# Avatars (moved)



## Cajeannie

*Avatars*


Where do you go to get those neat "Avatars" to put by your name when posting "A Thread". Some of them are really awesome! Cajeannie


----------



## Volt-Schwibe

here on our board, in the users control panel, there is a setting for avatars.

there is a bunch to choose from, and there is also the option to add a custom one from your own computer.

although, i think you need 100 posts to be able to use one from your computer.

and on top of that, we had a crash a while back, and some things are still buggy, and it seems the custom avatar is one of them, so it may or may not work.

also, if you can't find enough sources for avatars, try using google image search, and search for an animal you like, or a singer you listen to, or something like that.

there is a bunch at www.mess.be that are free to download, but they are meant for the msn messenger and wont always look perfect.

i think that is where i got this autobot here, and the decepticon i was using.

and, if you have a gif making tool, you can make your own avatar either 60x60 or 100x100 (im not sure, but it tells you when you are trying to upload them) you can even make them animated.


----------



## BernieLJ

WaltSide said:


> ...and, if you have a gif making tool, you can make your own avatar either 60x60 or 100x100 (im not sure, but it tells you when you are trying to upload them) you can even make them animated.
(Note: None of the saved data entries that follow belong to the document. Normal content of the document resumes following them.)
(* Let $0<\alpha<1$ and let $\bar M^\alpha(t)=\bar M(D_\alpha(t))$ be the multivariate generalized space fractional counting process. Then for every $\bar n=(n_1,\dots,n_q)\in\mathbb{N}_0^q$ and $t\ge0$, $$\Pr\{\bar M^\alpha(t)=\bar n\}=\sum_{\substack{\Omega(k_i,n_i)\\ i=1,\dots,q}}\sum_{r=0}^\infty\frac{(-t\lambda^\alpha)^r}{r!}\,\frac{\Gamma(\alpha r+1)}{\Gamma\big(\alpha r-\sum_{i=1}^q\sum_{j=1}^{k_i}x_{ij}+1\big)}\prod_{i=1}^q\prod_{j=1}^{k_i}\frac{(-\lambda_{ij}/\lambda)^{x_{ij}}}{x_{ij}!}.$$
   Context: Fix $q\ge1$, integers $k_1,\dots,k_q\ge1$, $\lambda_{ij}>0$ ($1\le i\le q$, $1\le j\le k_i$), $\lambda=\sum_{i,j}\lambda_{ij}$. The MGCP $\bar M(t)=(M_1(t),\dots,M_q(t))$ is the $\mathbb{N}_0^q$-valued process with $\bar M(0)=\bar0$, independent stationary increments and transition probabilities $\Pr\{\bar M(t+h)=\bar n+\bar j\mid\bar M(t)=\bar n\}=\lambda_{ij}h+o(h)$ if $\bar j$ has $i$th entry $j\in\{1,\dots,k_i\}$ and other entries $0$, $1-\lambda h+o(h)$ if $\bar j=\bar0$, $o(h)$ otherwise (equivalently, independent components with joint pgf $\exp(-t\sum_{i,j}\lambda_{ij}(1-u_i^j))$). $\{D_\alpha(t)\}$ is an $\alpha$-stable subordinator ($\mathbb{E}e^{-sD_\alpha(t)}=e^{-ts^\alpha}$) independent of $\bar M$. $\Omega(k_i,n_i)=\{(x_{i1},\dots,x_{ik_i})\in\mathbb{N}_0^{k_i}:\sum_j jx_{ij}=n_i\}$; the outer sum runs over all families $(x_{ij})$ with $(x_{i1},\dots,x_{ik_i})\in\Omega(k_i,n_i)$ for each $i$. Convention: $1/\Gamma(z)=0$ for $z\in\{0,-1,-2,\dots\}$. *)

theory Defs
  imports "HOL-Analysis.Analysis" "HOL-Probability.Probability"
begin

text \<open>Index conventions: components i range over {1..q}; for component i the jump
sizes j range over {1..k i}.  Vectors in N_0^q are functions nat => nat vanishing
outside {1..q}; families (x_ij) are functions nat => nat => nat vanishing outside the
index range.\<close>

definition natvecs :: "nat \<Rightarrow> (nat \<Rightarrow> nat) set" where
  "natvecs q = {n. \<forall>i. i \<notin> {1..q} \<longrightarrow> n i = 0}"

definition total_rate :: "nat \<Rightarrow> (nat \<Rightarrow> nat) \<Rightarrow> (nat \<Rightarrow> nat \<Rightarrow> real) \<Rightarrow> real" where
  "total_rate q k lam = (\<Sum>i=1..q. \<Sum>j=1..k i. lam i j)"

definition Omega_fam :: "nat \<Rightarrow> (nat \<Rightarrow> nat) \<Rightarrow> (nat \<Rightarrow> nat) \<Rightarrow> (nat \<Rightarrow> nat \<Rightarrow> nat) set" where
  "Omega_fam q k n = {x. (\<forall>i\<in>{1..q}. (\<Sum>j=1..k i. j * x i j) = n i) \<and>
       (\<forall>i j. \<not> (i \<in> {1..q} \<and> j \<in> {1..k i}) \<longrightarrow> x i j = 0)}"

text \<open>p is the family of one-dimensional marginal laws of the MGCP: p s n = Pr{M(s) = n},
characterized by the joint probability generating function
exp(-s * sum_{i,j} lam_ij (1 - u_i^j)), |u_i| <= 1.\<close>
definition is_MGCP_marginals ::
  "nat \<Rightarrow> (nat \<Rightarrow> nat) \<Rightarrow> (nat \<Rightarrow> nat \<Rightarrow> real) \<Rightarrow> (real \<Rightarrow> (nat \<Rightarrow> nat) \<Rightarrow> real) \<Rightarrow> bool" where
  "is_MGCP_marginals q k lam p \<longleftrightarrow>
     (\<forall>s\<ge>0. (\<forall>n\<in>natvecs q. p s n \<ge> 0) \<and>
        (\<forall>u::nat \<Rightarrow> real. (\<forall>i\<in>{1..q}. \<bar>u i\<bar> \<le> 1) \<longrightarrow>
           ((\<lambda>n. p s n * (\<Prod>i=1..q. u i ^ n i)) has_sum
              exp (- s * (\<Sum>i=1..q. \<Sum>j=1..k i. lam i j * (1 - u i ^ j)))) (natvecs q)))"

text \<open>mu is the law of D_alpha(t): a probability measure on [0,oo) with Laplace
transform E exp(-s D_alpha(t)) = exp(-t s^alpha).\<close>
definition is_stable_subordinator_law :: "real \<Rightarrow> real \<Rightarrow> real measure \<Rightarrow> bool" where
  "is_stable_subordinator_law \<alpha> t \<mu> \<longleftrightarrow>
     prob_space \<mu> \<and> sets \<mu> = sets borel \<and> (AE x in \<mu>. x \<ge> 0) \<and>
     (\<forall>s\<ge>0. (\<integral>x. exp (- s * x) \<partial>\<mu>) = exp (- t * s powr \<alpha>))"

end

theory Submission
  imports Defs "HOL-Complex_Analysis.Cauchy_Integral_Formula"
begin

(* Conditioning on the subordinator, Pr{M^alpha(t) = n} is the integral of Pr{M(s) = n} against
   the law mu of D_alpha(t).  The generating function identifies the law of M(s) with that of
   (sum_j j x_ij)_i for independent Poisson(s lam_ij) counts x_ij, so Pr{M(s) = n} is
   exp(-lambda s) times a finite sum over Omega of monomials s^m prod lam_ij^x_ij / x_ij!.
   For the moments, expand the Laplace transform of mu at lambda + h,
   exp(-t (lambda + h)^alpha), in powers of h in two ways: through the moments
   int s^m exp(-lambda s) dmu, and through the exponential and binomial series.  Comparing
   coefficients gives (-lambda)^m int s^m exp(-lambda s) dmu
   = sum_r (-t lambda^alpha)^r / r! Gamma(alpha r + 1) / Gamma(alpha r - m + 1). *)

section \<open>Power series and products of series\<close>

lemma powser_sums_zero_imp_coeff_zero:
  fixes c :: "nat \<Rightarrow> 'a::{real_normed_field,banach}"
  assumes r: "r > 0" and sums0: "\<And>h. norm h < r \<Longrightarrow> (\<lambda>m. c m * h ^ m) sums 0"
  shows "c m = 0"
proof (rule ccontr)
  assume cm: "c m \<noteq> 0"
  have "c 0 = 0"
    using sums0[of 0] r by simp
  with cm have "m > 0"
    by (cases m) auto
  with powser_0_nonzero[of r 0 c "\<lambda>_. 0" m] r sums0 cm
  obtain s where "s > 0" and "\<And>z::'a. z \<in> cball 0 s - {0} \<Longrightarrow> False"
    by auto
  from this(2)[of "of_real s"] \<open>s > 0\<close> show False
    by simp
qed

lemma has_sum_prod_PiE:
  fixes f :: "'a \<Rightarrow> 'b \<Rightarrow> 'c::{real_normed_field,banach,second_countable_topology}"
  assumes "finite A" and "\<And>x. x \<in> A \<Longrightarrow> countable (B x)"
    and "\<And>x. x \<in> A \<Longrightarrow> (f x has_sum s x) (B x)"
    and "\<And>x. x \<in> A \<Longrightarrow> (\<lambda>y. norm (f x y)) summable_on B x"
  shows "((\<lambda>g. \<Prod>x\<in>A. f x (g x)) has_sum (\<Prod>x\<in>A. s x)) (PiE A B)"
proof -
  have "Infinite_Set_Sum.abs_summable_on (\<lambda>g. \<Prod>x\<in>A. f x (g x)) (PiE A B)"
  proof (rule abs_summable_on_prod_PiE)
    show "Infinite_Set_Sum.abs_summable_on (f x) (B x)" if "x \<in> A" for x
      using assms(4)[OF that] abs_summable_equivalent by blast
  qed (use assms in auto)
  then have sum: "(\<lambda>g. \<Prod>x\<in>A. f x (g x)) summable_on PiE A B"
    using abs_summable_equivalent abs_summable_summable by blast
  have "infsum (\<lambda>g. \<Prod>x\<in>A. f x (g x)) (PiE A B) = (\<Prod>x\<in>A. infsum (f x) (B x))"
    using assms(1,4) by (rule infsum_prod_PiE_abs)
  also have "\<dots> = (\<Prod>x\<in>A. s x)"
    using assms(3) by (intro prod.cong refl) (rule infsumI)
  finally show ?thesis
    using sum by (metis has_sum_infsum)
qed

lemma has_sum_exp_real:
  fixes x :: real
  shows "((\<lambda>m. x ^ m / fact m) has_sum exp x) UNIV"
    and "(\<lambda>m. norm (x ^ m / fact m)) summable_on UNIV"
proof -
  show "((\<lambda>m. x ^ m / fact m) has_sum exp x) UNIV" for x :: real
    using norm_summable_imp_has_sum[OF summable_norm_exp exp_converges, of x]
    by (simp add: divide_inverse mult.commute)
  from this[of "\<bar>x\<bar>"] show "(\<lambda>m. norm (x ^ m / fact m)) summable_on UNIV"
    by (auto simp: summable_on_def power_abs)
qed

lemma summable_on_sums_imp_has_sum:
  fixes f :: "nat \<Rightarrow> 'a::{t2_space,topological_comm_monoid_add}"
  assumes "f summable_on UNIV" and "f sums s"
  shows "(f has_sum s) UNIV"
  using has_sum_infsum[OF assms(1)] has_sum_imp_sums sums_unique2[OF assms(2)] by metis

section \<open>Uniqueness of multivariate generating functions\<close>

lemma natvecs_Suc_split:
  "n \<in> natvecs (Suc q) \<longleftrightarrow> n(Suc q := 0) \<in> natvecs q"
  by (auto simp: natvecs_def)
Just F.Y.I...I use Irfanview for GIF animations...free download from the Internet.


----------



## Volt-Schwibe

Gimp does it too, and it's free with some versions of linux.

gif movie gear was what i used to use, but it expires after 30 days.


----------



## DumberDrummer

I have a program around here in which you drag *.gif files into a window and it makes them into an animated gif. Very easy. 

I've tried useing the gimp to make animated gifs, but its very complicated. 

And the GIMP is under the GNU/GPL. So its free no matter what. I could even upload it here for you.


----------